◆ DATA SUPPLIED
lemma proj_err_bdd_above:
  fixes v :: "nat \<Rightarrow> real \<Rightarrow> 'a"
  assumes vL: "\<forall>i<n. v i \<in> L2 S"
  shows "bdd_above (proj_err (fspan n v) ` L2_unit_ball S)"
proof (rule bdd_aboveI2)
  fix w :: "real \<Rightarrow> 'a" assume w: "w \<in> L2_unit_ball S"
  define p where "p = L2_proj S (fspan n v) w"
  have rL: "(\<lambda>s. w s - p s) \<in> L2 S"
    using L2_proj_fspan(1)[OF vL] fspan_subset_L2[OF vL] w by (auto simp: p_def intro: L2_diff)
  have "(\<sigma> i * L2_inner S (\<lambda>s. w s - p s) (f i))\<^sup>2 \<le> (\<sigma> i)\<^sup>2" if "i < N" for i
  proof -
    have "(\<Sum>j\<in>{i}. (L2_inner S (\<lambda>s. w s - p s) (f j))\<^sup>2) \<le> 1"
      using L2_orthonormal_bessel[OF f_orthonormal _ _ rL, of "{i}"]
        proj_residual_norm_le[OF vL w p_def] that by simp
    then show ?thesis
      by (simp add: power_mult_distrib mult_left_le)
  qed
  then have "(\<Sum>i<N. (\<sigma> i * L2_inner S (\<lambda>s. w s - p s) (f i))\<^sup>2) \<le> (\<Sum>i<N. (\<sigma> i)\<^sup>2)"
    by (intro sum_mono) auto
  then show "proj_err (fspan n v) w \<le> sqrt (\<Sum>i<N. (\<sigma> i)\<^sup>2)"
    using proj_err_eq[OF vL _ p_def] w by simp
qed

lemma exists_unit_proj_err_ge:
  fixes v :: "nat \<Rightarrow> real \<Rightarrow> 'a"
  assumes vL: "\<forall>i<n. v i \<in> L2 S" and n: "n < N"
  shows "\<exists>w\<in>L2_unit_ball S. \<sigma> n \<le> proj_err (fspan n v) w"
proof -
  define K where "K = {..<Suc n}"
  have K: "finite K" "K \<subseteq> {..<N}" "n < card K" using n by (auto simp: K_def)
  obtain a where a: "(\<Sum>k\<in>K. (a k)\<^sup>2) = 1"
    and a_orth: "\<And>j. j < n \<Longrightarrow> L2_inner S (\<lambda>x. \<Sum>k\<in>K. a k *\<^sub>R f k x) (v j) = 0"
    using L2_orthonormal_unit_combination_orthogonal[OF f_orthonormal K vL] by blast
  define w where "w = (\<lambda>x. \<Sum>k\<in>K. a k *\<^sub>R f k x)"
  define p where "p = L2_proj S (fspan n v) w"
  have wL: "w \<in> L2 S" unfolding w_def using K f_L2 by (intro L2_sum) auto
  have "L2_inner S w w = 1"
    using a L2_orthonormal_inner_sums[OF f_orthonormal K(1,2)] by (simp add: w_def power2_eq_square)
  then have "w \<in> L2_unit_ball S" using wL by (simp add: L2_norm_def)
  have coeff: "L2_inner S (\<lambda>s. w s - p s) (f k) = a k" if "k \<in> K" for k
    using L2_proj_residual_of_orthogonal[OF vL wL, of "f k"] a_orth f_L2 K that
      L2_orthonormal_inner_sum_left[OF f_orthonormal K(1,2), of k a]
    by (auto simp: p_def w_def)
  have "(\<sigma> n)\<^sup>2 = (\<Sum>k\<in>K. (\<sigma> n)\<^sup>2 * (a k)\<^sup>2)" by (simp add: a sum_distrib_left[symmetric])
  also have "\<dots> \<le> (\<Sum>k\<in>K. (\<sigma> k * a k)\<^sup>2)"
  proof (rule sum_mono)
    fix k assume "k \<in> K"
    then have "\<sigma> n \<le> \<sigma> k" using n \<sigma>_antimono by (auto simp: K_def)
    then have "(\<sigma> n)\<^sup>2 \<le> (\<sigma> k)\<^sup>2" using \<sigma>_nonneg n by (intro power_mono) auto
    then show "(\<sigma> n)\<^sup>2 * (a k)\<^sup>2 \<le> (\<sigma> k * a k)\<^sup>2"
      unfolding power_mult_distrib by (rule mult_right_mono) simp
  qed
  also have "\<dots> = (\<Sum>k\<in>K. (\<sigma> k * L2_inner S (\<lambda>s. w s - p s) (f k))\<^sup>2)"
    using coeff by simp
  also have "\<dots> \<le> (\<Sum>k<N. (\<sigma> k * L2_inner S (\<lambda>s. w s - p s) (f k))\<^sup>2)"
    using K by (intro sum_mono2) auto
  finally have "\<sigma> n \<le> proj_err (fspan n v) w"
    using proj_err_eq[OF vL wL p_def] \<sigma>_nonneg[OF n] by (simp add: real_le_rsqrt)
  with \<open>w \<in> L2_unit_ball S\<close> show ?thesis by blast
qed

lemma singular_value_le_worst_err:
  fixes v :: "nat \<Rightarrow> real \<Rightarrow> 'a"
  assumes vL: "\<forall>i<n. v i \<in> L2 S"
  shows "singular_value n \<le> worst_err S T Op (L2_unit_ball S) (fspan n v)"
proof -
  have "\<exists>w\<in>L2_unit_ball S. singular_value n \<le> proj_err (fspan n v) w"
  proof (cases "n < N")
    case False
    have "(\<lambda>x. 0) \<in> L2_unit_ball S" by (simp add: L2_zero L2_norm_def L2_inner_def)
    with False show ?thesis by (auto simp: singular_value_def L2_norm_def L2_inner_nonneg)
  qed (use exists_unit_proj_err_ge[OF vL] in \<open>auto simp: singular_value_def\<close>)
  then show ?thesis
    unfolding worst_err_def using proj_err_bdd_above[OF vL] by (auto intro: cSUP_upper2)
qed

◆ THE TASK
Go through the data above and return every line exactly.

◆ SOLVED EXERCISE
lemma proj_err_bdd_above:
  fixes v :: "nat \<Rightarrow> real \<Rightarrow> 'a"
  assumes vL: "\<forall>i<n. v i \<in> L2 S"
  shows "bdd_above (proj_err (fspan n v) ` L2_unit_ball S)"
proof (rule bdd_aboveI2)
  fix w :: "real \<Rightarrow> 'a" assume w: "w \<in> L2_unit_ball S"
  define p where "p = L2_proj S (fspan n v) w"
  have rL: "(\<lambda>s. w s - p s) \<in> L2 S"
    using L2_proj_fspan(1)[OF vL] fspan_subset_L2[OF vL] w by (auto simp: p_def intro: L2_diff)
  have "(\<sigma> i * L2_inner S (\<lambda>s. w s - p s) (f i))\<^sup>2 \<le> (\<sigma> i)\<^sup>2" if "i < N" for i
  proof -
    have "(\<Sum>j\<in>{i}. (L2_inner S (\<lambda>s. w s - p s) (f j))\<^sup>2) \<le> 1"
      using L2_orthonormal_bessel[OF f_orthonormal _ _ rL, of "{i}"]
        proj_residual_norm_le[OF vL w p_def] that by simp
    then show ?thesis
      by (simp add: power_mult_distrib mult_left_le)
  qed
  then have "(\<Sum>i<N. (\<sigma> i * L2_inner S (\<lambda>s. w s - p s) (f i))\<^sup>2) \<le> (\<Sum>i<N. (\<sigma> i)\<^sup>2)"
    by (intro sum_mono) auto
  then show "proj_err (fspan n v) w \<le> sqrt (\<Sum>i<N. (\<sigma> i)\<^sup>2)"
    using proj_err_eq[OF vL _ p_def] w by simp
qed

lemma exists_unit_proj_err_ge:
  fixes v :: "nat \<Rightarrow> real \<Rightarrow> 'a"
  assumes vL: "\<forall>i<n. v i \<in> L2 S" and n: "n < N"
  shows "\<exists>w\<in>L2_unit_ball S. \<sigma> n \<le> proj_err (fspan n v) w"
proof -
  define K where "K = {..<Suc n}"
  have K: "finite K" "K \<subseteq> {..<N}" "n < card K" using n by (auto simp: K_def)
  obtain a where a: "(\<Sum>k\<in>K. (a k)\<^sup>2) = 1"
    and a_orth: "\<And>j. j < n \<Longrightarrow> L2_inner S (\<lambda>x. \<Sum>k\<in>K. a k *\<^sub>R f k x) (v j) = 0"
    using L2_orthonormal_unit_combination_orthogonal[OF f_orthonormal K vL] by blast
  define w where "w = (\<lambda>x. \<Sum>k\<in>K. a k *\<^sub>R f k x)"
  define p where "p = L2_proj S (fspan n v) w"
  have wL: "w \<in> L2 S" unfolding w_def using K f_L2 by (intro L2_sum) auto
  have "L2_inner S w w = 1"
    using a L2_orthonormal_inner_sums[OF f_orthonormal K(1,2)] by (simp add: w_def power2_eq_square)
  then have "w \<in> L2_unit_ball S" using wL by (simp add: L2_norm_def)
  have coeff: "L2_inner S (\<lambda>s. w s - p s) (f k) = a k" if "k \<in> K" for k
    using L2_proj_residual_of_orthogonal[OF vL wL, of "f k"] a_orth f_L2 K that
      L2_orthonormal_inner_sum_left[OF f_orthonormal K(1,2), of k a]
    by (auto simp: p_def w_def)
  have "(\<sigma> n)\<^sup>2 = (\<Sum>k\<in>K. (\<sigma> n)\<^sup>2 * (a k)\<^sup>2)" by (simp add: a sum_distrib_left[symmetric])
  also have "\<dots> \<le> (\<Sum>k\<in>K. (\<sigma> k * a k)\<^sup>2)"
  proof (rule sum_mono)
    fix k assume "k \<in> K"
    then have "\<sigma> n \<le> \<sigma> k" using n \<sigma>_antimono by (auto simp: K_def)
    then have "(\<sigma> n)\<^sup>2 \<le> (\<sigma> k)\<^sup>2" using \<sigma>_nonneg n by (intro power_mono) auto
    then show "(\<sigma> n)\<^sup>2 * (a k)\<^sup>2 \<le> (\<sigma> k * a k)\<^sup>2"
      unfolding power_mult_distrib by (rule mult_right_mono) simp
  qed
  also have "\<dots> = (\<Sum>k\<in>K. (\<sigma> k * L2_inner S (\<lambda>s. w s - p s) (f k))\<^sup>2)"
    using coeff by simp
  also have "\<dots> \<le> (\<Sum>k<N. (\<sigma> k * L2_inner S (\<lambda>s. w s - p s) (f k))\<^sup>2)"
    using K by (intro sum_mono2) auto
  finally have "\<sigma> n \<le> proj_err (fspan n v) w"
    using proj_err_eq[OF vL wL p_def] \<sigma>_nonneg[OF n] by (simp add: real_le_rsqrt)
  with \<open>w \<in> L2_unit_ball S\<close> show ?thesis by blast
qed

lemma singular_value_le_worst_err:
  fixes v :: "nat \<Rightarrow> real \<Rightarrow> 'a"
  assumes vL: "\<forall>i<n. v i \<in> L2 S"
  shows "singular_value n \<le> worst_err S T Op (L2_unit_ball S) (fspan n v)"
proof -
  have "\<exists>w\<in>L2_unit_ball S. singular_value n \<le> proj_err (fspan n v) w"
  proof (cases "n < N")
    case False
    have "(\<lambda>x. 0) \<in> L2_unit_ball S" by (simp add: L2_zero L2_norm_def L2_inner_def)
    with False show ?thesis by (auto simp: singular_value_def L2_norm_def L2_inner_nonneg)
  qed (use exists_unit_proj_err_ge[OF vL] in \<open>auto simp: singular_value_def\<close>)
  then show ?thesis
    unfolding worst_err_def using proj_err_bdd_above[OF vL] by (auto intro: cSUP_upper2)
qed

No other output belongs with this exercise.